81 eyes (66 subjects), including 10 healthy, 23 glaucoma suspect (GS), and 48 glaucomatous (GL) eyes, underwent a comprehensive ophthalmic exam and swept-source OCT scanning. The center of the ON head was ascertained by locating the Bruch membrane opening and finding the centroid. LC pores were segmented using a previously described segmentation algorithm. Axonal pore paths were tracked individually across the depth of the LC automatically using custom MATLAB and ImageJ software. Pore paths were then quantified using a method described in Figure A, with positive values for paths traversing the LC towards the center of the ON and negative values for those diverging from the center. Linear mixed effects models were used to test whether average path significantly differed from zero and to quantify the difference between diagnostic categories and disease severity as quantified by VF mean deviation (MD).

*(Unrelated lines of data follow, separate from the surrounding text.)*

lemma l2inner_self:
  assumes "y \<in> l2"
  shows "l2inner y y = of_real (\<Sum>n. (cmod (y n))\<^sup>2)"
proof -
  have "l2inner y y = (\<Sum>n. of_real ((cmod (y n))\<^sup>2))"
    unfolding l2inner_def complex_norm_square by simp
  then show ?thesis
    using assms unfolding l2_def by (simp add: suminf_of_real)
qed

lemma l2inner_self_eq_0_iff:
  assumes "y \<in> l2"
  shows "l2inner y y = 0 \<longleftrightarrow> y = (\<lambda>n. 0)"
  using assms suminf_eq_zero_iff[of "\<lambda>n. (cmod (y n))\<^sup>2"]
  unfolding l2inner_self[OF assms] l2_def by (auto simp: fun_eq_iff)

lemma l2inner_scale_left:
  assumes "y \<in> l2" "z \<in> l2"
  shows "l2inner (\<lambda>n. a * y n) z = a * l2inner y z"
  unfolding l2inner_def
  using suminf_mult[OF summable_norm_cancel[OF l2inner_summable[OF assms]], of a]
  by (simp add: mult.assoc)

lemma unitvec_l2: "unitvec k \<in> l2"
  unfolding l2_def by (rule CollectI, rule summable_finite[of "{k}"]) (auto simp: unitvec_def)

lemma l2norm_unitvec: "l2norm (unitvec k) = 1"
  unfolding l2norm_def by (subst suminf_finite[of "{k}"]) (auto simp: unitvec_def)

lemma l2inner_unitvec_left: "l2inner (unitvec k) v = cnj (v k)"
  unfolding l2inner_def by (subst suminf_finite[of "{k}"]) (auto simp: unitvec_def)

lemma l2_eqI_unitvec:
  assumes "\<And>k. l2inner (unitvec k) x = l2inner (unitvec k) y"
  shows "x = y"
  using assms by (auto simp: fun_eq_iff l2inner_unitvec_left)

section \<open>Bounded operators\<close>

lemma bdd_op_l2: "is_bdd_op A \<Longrightarrow> x \<in> l2 \<Longrightarrow> A x \<in> l2"
  unfolding is_bdd_op_def by blast

lemma bdd_op_linear:
  "is_bdd_op A \<Longrightarrow> x \<in> l2 \<Longrightarrow> y \<in> l2 \<Longrightarrow>
     A (\<lambda>n. a * x n + b * y n) = (\<lambda>n. a * A x n + b * A y n)"
  unfolding is_bdd_op_def by blast

lemma bdd_op_scale: "is_bdd_op A \<Longrightarrow> x \<in> l2 \<Longrightarrow> A (\<lambda>n. a * x n) = (\<lambda>n. a * A x n)"
  using bdd_op_linear[of A x x a 0] by simp

lemma adj_eqI:
  assumes S: "is_bdd_op S" and adjoint: "\<And>x y. x \<in> l2 \<Longrightarrow> y \<in> l2 \<Longrightarrow> l2inner (T x) y = l2inner x (S y)"
    and y: "y \<in> l2"
  shows "adj T y = S y"
proof -
  have "is_bdd_op (adj T) \<and> (\<forall>x\<in>l2. \<forall>y\<in>l2. l2inner (T x) y = l2inner x (adj T y))"
    unfolding adj_def by (rule someI[of _ S]) (use S adjoint in blast)
  then have "l2inner (unitvec k) (adj T y) = l2inner (unitvec k) (S y)" for k
    using adjoint[OF unitvec_l2 y] y unitvec_l2 by metis
  then show ?thesis by (rule l2_eqI_unitvec)
qed

lemma op_inv_eqI:
  assumes B: "is_bdd_op B" and inverse: "\<And>x. x \<in> l2 \<Longrightarrow> A (B x) = x \<and> B (A x) = x"
    and x: "x \<in> l2"
  shows "op_inv A x = B x"
proof -
  have "is_bdd_op (op_inv A) \<and> (\<forall>x\<in>l2. A (op_inv A x) = x \<and> op_inv A (A x) = x)"
    unfolding op_inv_def by (rule someI[of _ B]) (use B inverse in blast)
  then have "op_inv A (A (B x)) = B x"
    using bdd_op_l2[OF B x] by blast
  then show ?thesis using inverse[OF x] by simp
qed

section \<open>Weighted composition operators\<close>

definition wcomp :: "(nat \<Rightarrow> complex) \<Rightarrow> (nat \<Rightarrow> nat) \<Rightarrow> op" where
  "wcomp g p x = (\<lambda>n. g n * x (p n))"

Average pore paths within the LC traversed toward the ON center posteriorly for a distance of 22.9±2.8μm between the anterior and posterior surfaces of analyzable LC (p<0.001). For each diagnostic category, the average convergence were 21.4±28.2μm (healthy), 21.4±27.3μm (GS), and 24.0±21.1μm (GL). There was no detectable statistically significant difference between the diagnostic categories or VF MD.
Axonal pore paths traverse the LC closer to the ON center along the depth of the LC regardless of disease severity or diagnostic category. Considering that the scleral canal widens with depth this anatomical configuration could be due to decreasing beam width between axonal pores. This spatial organization of the ON should be considered when assessing LC volumetric microstructure.
This is an abstract that was submitted for the 2016 ARVO Annual Meeting, held in Seattle, Wash., May 1-5, 2016.
(A) Method of determining whether axonal paths traverse LC closer to the ON center: distance between ON center and the anterior pore subtracted from distance between ON center and the same pore tracked all the way to the posterior surface of analyzable LC. (B) Average pore path by diagnostic category and (C) VF MD.